Under the Uyghur Forced Labor Prevention Act (UFLPA), entities both inside and outside the Xinjiang Uyghur Autonomous Region (XUAR) who seek to import to the U.S. must show that no part of their product was manufactured using slave labor.
Since 2017, Chinese authorities have committed crimes against humanity against Uyghurs and other Turkic Muslims in the northwest Xinjiang region, detaining as many as one million people and subjecting detainees and others to forced labor inside and outside Xinjiang.
“Today is an important day in the fight to stand up against the Chinese Communist Party’s genocide and forced labor of Uyghurs and predominantly Muslim ethnic groups in the Xinjiang Uyghur Autonomous Region (XUAR),” four members of the Congress who drafted the Bill said.
“The United States is sending a clear message that we will no longer remain complicit in the Chinese Communist Party’s use of slave labor and egregious crimes against humanity,” said U.S. Senators Marco Rubio (R-FL) and Jeff Merkley (D-OR), as well as U.S. Representatives Jim McGovern (D-MA) and Chris Smith (R-NJ).
All four lawmakers are leading members of the bipartisan, bicameral Congressional-Executive Commission on China.
The new law creates a presumption that goods made in whole or in part in Xinjiang, or produced by entities in China linked to forced labor, are not eligible to be imported into the United States.

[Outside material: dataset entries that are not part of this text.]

lemma f_coeff_eq_0_iff:
  assumes "s \<noteq> 0" and "s ^ 4 \<noteq> 1"
  shows "f_coeff s b = 0 \<longleftrightarrow> s ^ (4 * b) = 1"
proof -
  have "f_coeff s b = 0 \<longleftrightarrow> (\<Sum>i<b. (s ^ 4) ^ i) = 0"
    using f_coeff_closed_form[OF assms(1), of b] assms(1) by (metis mult_eq_0_iff power_not_zero)
  then show ?thesis
    using geometric_sum_eq_0_iff[OF assms(2)] by (simp add: power_mult)
qed

locale Uq_quantum_plane =
  fixes q s :: complex and E F K Kinv L :: "qplane \<Rightarrow> qplane"
  assumes action: "Uq_action q s E F K Kinv L"
    and sqrt_q: "s ^ 2 = q"
begin

lemma linear_maps: "is_linear E" "is_linear F" "is_linear K" "is_linear Kinv" "is_linear L"
  using action by (simp_all add: Uq_action_def)

lemma K_mult: "K (qmult q f g) = qmult q (K f) (K g)"
  and L_mult: "L (qmult q f g) = qmult q (L f) (L g)"
  and E_mult: "E (qmult q f g) = qmult q (E f) (K g) + qmult q (Kinv f) (E g)"
  and F_mult: "F (qmult q f g) = qmult q (F f) (K g) + qmult q (Kinv f) (F g)"
  and Kinv_K: "Kinv (K f) = f"
  using action by (simp_all add: Uq_action_def)

lemma action_on_generators:
  "K qone = qone" "L qone = qone" "E qone = 0" "F qone = 0"
  "K qx = Poly_Mapping.single (1, 0) (inverse s)" "K qy = Poly_Mapping.single (0, 1) s"
  "L qx = Poly_Mapping.single (1, 0) s" "L qy = Poly_Mapping.single (0, 1) s"
  "E qx = Poly_Mapping.single (0, 1) s" "E qy = 0"
  "F qx = 0" "F qy = Poly_Mapping.single (1, 0) (inverse s)"
  using action by (simp_all add: Uq_action_def qx_def qy_def mon_def)

lemma s_nonzero: "s \<noteq> 0"
proof
  assume "s = 0"
  then have "qx = Kinv 0"
    using Kinv_K[of qx] action_on_generators(5) by simp
  also have "\<dots> = 0"
    using linear_maps(4) by (rule is_linear_zero)
  finally show False
    by (metis qx_def mon_def lookup_single_eq lookup_zero zero_neq_one)
qed

lemma K_mon: "K (mon a b) = Poly_Mapping.single (a, b) (inverse s ^ a * s ^ b)"
  by (rule multiplicative_map_mon[OF K_mult action_on_generators(1,5,6)])

lemma L_mon: "L (mon a b) = Poly_Mapping.single (a, b) (s ^ (a + b))"
  using multiplicative_map_mon[OF L_mult action_on_generators(2,7,8)] by (simp add: power_add)

lemma Kinv_mon: "Kinv (mon a b) = Poly_Mapping.single (a, b) (s ^ a * inverse s ^ b)"
proof -
  have "K (Poly_Mapping.single (a, b) (s ^ a * inverse s ^ b))
      = smul (s ^ a * inverse s ^ b) (K (mon a b))"
    unfolding mon_def by (rule is_linear_single[OF linear_maps(3)])
  also have "\<dots> = mon a b"
    unfolding K_mon using s_nonzero by (simp add: mon_def field_simps)
  finally have "K (Poly_Mapping.single (a, b) (s ^ a * inverse s ^ b)) = mon a b" .
  then show ?thesis
    by (metis Kinv_K)
qed

lemma E_x_pow: "E (mon a 0) = Poly_Mapping.single (a - 1, 1) (e_coeff s a)"
proof (induction a)
  case 0
  show ?case
    using action_on_generators(3) by (simp add: qone_def)
next
  case (Suc a)
  have "E (mon (Suc a) 0)
      = qmult q (Poly_Mapping.single (a - 1, 1) (e_coeff s a)) (Poly_Mapping.single (1, 0) (inverse s))
        + qmult q (Poly_Mapping.single (a, 0) (s ^ a)) (Poly_Mapping.single (0, 1) s)"
    by (simp add: mon_Suc_0[of _ q] E_mult Suc action_on_generators Kinv_mon)
  also have "\<dots> = Poly_Mapping.single (a, 1) (e_coeff s a / s ^ 3 + s ^ Suc a)"
  proof (cases "a = 0")
    case False
    then have "a - 1 + 1 = a"
      by simp
    moreover have "e_coeff s a * inverse s * inverse q = e_coeff s a / s ^ 3"
      using s_nonzero by (simp flip: sqrt_q add: field_simps power2_eq_square power3_eq_cube)
    ultimately show ?thesis
      by (simp add: qmult_single mult_ac flip: single_add)
  qed (simp add: qmult_single)
  finally show ?case
    by simp
qed

lemma E_y_pow: "E (mon 0 b) = 0"
proof (induction b)
  case 0
  show ?case
    using action_on_generators(3) by (simp add: qone_def)
next
  case (Suc b)
  show ?case
    by (simp add: mon_0_Suc[of _ q] E_mult Suc action_on_generators)
qed

lemma E_mon: "E (mon a b) = Poly_Mapping.single (a - 1, b + 1) (e_coeff s a * s ^ b)"
  by (subst mon_eq_qmult[of _ _ q]) (simp add: E_mult E_x_pow E_y_pow K_mon qmult_single)

lemma F_x_pow: "F (mon a 0) = 0"
proof (induction a)
  case 0
  show ?case
    using action_on_generators(4) by (simp add: qone_def)
next
  case (Suc a)
  show ?case
    by (simp add: mon_Suc_0[of _ q] F_mult Suc action_on_generators)
qed

lemma F_y_pow: "F (mon 0 b) = Poly_Mapping.single (1, b - 1) (f_coeff s b)"
proof (induction b)
  case 0
  show ?case
    using action_on_generators(4) by (simp add: qone_def)
next
  case (Suc b)
  have "F (mon 0 (Suc b))
      = qmult q (Poly_Mapping.single (1, b - 1) (f_coeff s b)) (Poly_Mapping.single (0, 1) s)
        + qmult q (Poly_Mapping.single (0, b) (inverse s ^ b)) (Poly_Mapping.single (1, 0) (inverse s))"
    by (simp add: mon_0_Suc[of _ q] F_mult Suc action_on_generators Kinv_mon)
  also have "\<dots> = Poly_Mapping.single (1, b) (f_coeff s b * s + 1 / s ^ (3 * b + 1))"
  proof -
    have "s ^ b * q ^ b = s ^ (3 * b)"
      by (simp flip: sqrt_q power_mult power_add)
    then have "inverse s ^ b * inverse s * inverse q ^ b = 1 / s ^ (3 * b + 1)"
      by (simp add: power_add field_simps flip: power_inverse)
    moreover have "qmult q (Poly_Mapping.single (1, b - 1) (f_coeff s b)) (Poly_Mapping.single (0, 1) s)
        = Poly_Mapping.single (1, b) (f_coeff s b * s)"
      by (cases "b = 0") (simp_all add: qmult_single)
    ultimately show ?thesis
      by (simp add: qmult_single flip: single_add)
  qed
  finally show ?case
    by simp
qed

lemma F_mon: "F (mon a b) = Poly_Mapping.single (a + 1, b - 1) (s ^ a * f_coeff s b)"
  by (subst mon_eq_qmult[of _ _ q]) (simp add: F_mult F_x_pow F_y_pow Kinv_mon qmult_single)

lemma invariant_elem_mon:
  assumes "e_coeff s a = 0" and "f_coeff s b = 0" and "s ^ a = s ^ b"
  shows "invariant_elem s E F K L (a + b) (mon a b)"
proof -
  have "inverse s ^ a * s ^ b = 1"
    using assms(3) s_nonzero by (simp add: power_inverse)
  then show ?thesis
    unfolding invariant_elem_def E_mon F_mon K_mon L_mon using assms(1,2) by (simp add: mon_def)
qed

lemma invariant_elem_keys:
  assumes "invariant_elem s E F K L r f" and "(a, b) \<in> Poly_Mapping.keys f"
  shows "e_coeff s a = 0 \<and> f_coeff s b = 0 \<and> s ^ a = s ^ b"
proof (intro conjI)
  have "E f = 0" "F f = 0" "K f = f"
    using assms(1) by (simp_all add: invariant_elem_def)
  have "e_coeff s a * s ^ b = 0"
    by (rule weighted_shift_kernel[OF linear_maps(1) E_mon _ \<open>E f = 0\<close> assms(2)])
      (metis diff_Suc_1 e_coeff.simps(1) mult_eq_0_iff not0_implies_Suc prod.inject add_right_cancel)
  then show "e_coeff s a = 0"
    using s_nonzero by simp
  have "s ^ a * f_coeff s b = 0"
    by (rule weighted_shift_kernel[OF linear_maps(2) F_mon _ \<open>F f = 0\<close> assms(2)])
      (metis diff_Suc_1 f_coeff.simps(1) mult_eq_0_iff not0_implies_Suc prod.inject add_right_cancel)
  then show "f_coeff s b = 0"
    using s_nonzero by simp
  have "Poly_Mapping.lookup (K f) (a, b) = Poly_Mapping.lookup f (a, b) * (inverse s ^ a * s ^ b)"
    by (rule lookup_weighted_shift[OF linear_maps(3) K_mon]) (use s_nonzero in simp_all)
  then have "inverse s ^ a * s ^ b = 1"
    using \<open>K f = f\<close> assms(2) by (simp add: in_keys_iff)
  then show "s ^ a = s ^ b"
    using s_nonzero by (simp add: field_simps)
qed

end

definition invariant_exponents :: "nat \<Rightarrow> (nat \<times> nat) set" where
  "invariant_exponents d = {(k * d, k' * d) | k k'. (4::int) dvd int k - int k'}"

locale Uq_quantum_plane_root_of_unity = Uq_quantum_plane +
  fixes d :: nat
  assumes d_ge_2: "2 \<le> d" and q_primitive: "primitive_root_of_unity (2 * d) q"
begin

lemma s_primitive: "primitive_root_of_unity (4 * d) s"
  using q_primitive sqrt_q by (rule primitive_root_of_unity_sqrt)

lemma s_pow_4_ne_1: "s ^ 4 \<noteq> 1"
  using d_ge_2 by (auto simp: primitive_root_of_unity_power_eq_1_iff[OF s_primitive] dest: dvd_imp_le)

lemma e_coeff_eq_0_iff_dvd: "e_coeff s a = 0 \<longleftrightarrow> d dvd a"
  using e_coeff_eq_0_iff[OF s_nonzero s_pow_4_ne_1]
  by (simp add: primitive_root_of_unity_power_eq_1_iff[OF s_primitive])

lemma f_coeff_eq_0_iff_dvd: "f_coeff s b = 0 \<longleftrightarrow> d dvd b"
  using f_coeff_eq_0_iff[OF s_nonzero s_pow_4_ne_1]
  by (simp add: primitive_root_of_unity_power_eq_1_iff[OF s_primitive])

lemma mem_invariant_exponents_iff:
  "(a, b) \<in> invariant_exponents d \<longleftrightarrow> e_coeff s a = 0 \<and> f_coeff s b = 0 \<and> s ^ a = s ^ b"
proof -
  have dvd_iff: "int (4 * d) dvd int (k * d) - int (k' * d) \<longleftrightarrow> 4 dvd int k - int k'" for k k'
  proof -
    have "int (4 * d) dvd int (k * d) - int (k' * d) \<longleftrightarrow> int d * 4 dvd int d * (int k - int k')"
      by (simp add: algebra_simps)
    also have "\<dots> \<longleftrightarrow> 4 dvd int k - int k'"
      by (rule dvd_times_left_cancel_iff) (use d_ge_2 in simp)
    finally show ?thesis .
  qed
  have "e_coeff s a = 0 \<and> f_coeff s b = 0 \<and> s ^ a = s ^ b
      \<longleftrightarrow> d dvd a \<and> d dvd b \<and> int (4 * d) dvd int a - int b"
    by (simp add: e_coeff_eq_0_iff_dvd f_coeff_eq_0_iff_dvd
        primitive_root_of_unity_power_eq_power_iff[OF s_primitive])
  also have "\<dots> \<longleftrightarrow> (a, b) \<in> invariant_exponents d"
  proof
    assume "d dvd a \<and> d dvd b \<and> int (4 * d) dvd int a - int b"
    then obtain k k' where "a = k * d" "b = k' * d" "int (4 * d) dvd int a - int b"
      by (metis dvdE mult.commute)
    then have "(a, b) = (k * d, k' * d)" "4 dvd int k - int k'"
      using dvd_iff by simp_all
    then show "(a, b) \<in> invariant_exponents d"
      unfolding invariant_exponents_def by blast
  next
    assume "(a, b) \<in> invariant_exponents d"
    then obtain k k' where "a = k * d" "b = k' * d" "4 dvd int k - int k'"
      unfolding invariant_exponents_def by blast
    then show "d dvd a \<and> d dvd b \<and> int (4 * d) dvd int a - int b"
      using dvd_iff by simp
  qed
  finally show ?thesis ..
qed

lemma Inv_subalg_eq_supported:
  "Inv_subalg s E F K L = {f. Poly_Mapping.keys f \<subseteq> invariant_exponents d}"
  unfolding Inv_subalg_def
proof (rule lin_span_eq_supported)
  fix f assume "f \<in> {a. \<exists>r. invariant_elem s E F K L r a}"
  then show "Poly_Mapping.keys f \<subseteq> invariant_exponents d"
    using invariant_elem_keys mem_invariant_exponents_iff by auto
next
  fix p assume "p \<in> invariant_exponents d"
  then show "Poly_Mapping.single p 1 \<in> {a. \<exists>r. invariant_elem s E F K L r a}"
    using invariant_elem_mon mem_invariant_exponents_iff by (cases p) (auto simp: mon_def)
qed

end

theorem proposition5p4:
  fixes q s :: complex and d :: nat
    and E F K Kinv L :: "qplane \<Rightarrow> qplane"
  assumes "d \<ge> 2"
    and "q ^ (2 * d) = 1" and "\<forall>m. 0 < m \<and> m < 2 * d \<longrightarrow> q ^ m \<noteq> 1"
    and "q \<notin> {1, -1, \<i>, -\<i>}"
    and "s ^ 2 = q"
    and "Uq_action q s E F K Kinv L"
  shows "Inv_subalg s E F K L =
           lin_span {mon (k * d) (k' * d) | k k'. (4::int) dvd (int k - int k')}"
proof -
  \<comment> \<open>The hypothesis excluding q = \<plusminus>1, \<plusminus>i is implied by primitivity and d \<ge> 2.\<close>
  interpret Uq_quantum_plane_root_of_unity q s E F K Kinv L d
    using assms by unfold_locales (auto simp: primitive_root_of_unity_def)
  have "lin_span {mon (k * d) (k' * d) | k k'. (4::int) dvd (int k - int k')}
      = {f. Poly_Mapping.keys f \<subseteq> invariant_exponents d}"
    by (rule lin_span_eq_supported) (fastforce simp: invariant_exponents_def mon_def)+
  then show ?thesis
    using Inv_subalg_eq_supported by simp
qed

The US Customs and Border Protection Agency has already issued guidance to importers on the law’s implementation. The guidance states that importers are expected to map their supply chains down to the raw material level to identify whether their products are made wholly or in part in Xinjiang or by entities linked to forced labor.
The guidance also clarifies that companies importing products from outside China should still investigate their full supply chain given the risk that goods were produced with forced labor in China before being transferred to third countries.
The U.S. Department of Homeland Security’s Forced Labor Enforcement Task Force issued additional guidance on implementing the law.
Credible research has linked a wide range of products imported into the US to forced labor in China, and Xinjiang specifically, such as the cotton in major clothing brands and the polysilicon in solar panels, according to Human Rights Watch.
Several imports from the resource-rich region, including cotton and tomatoes, have already been banned in the United States.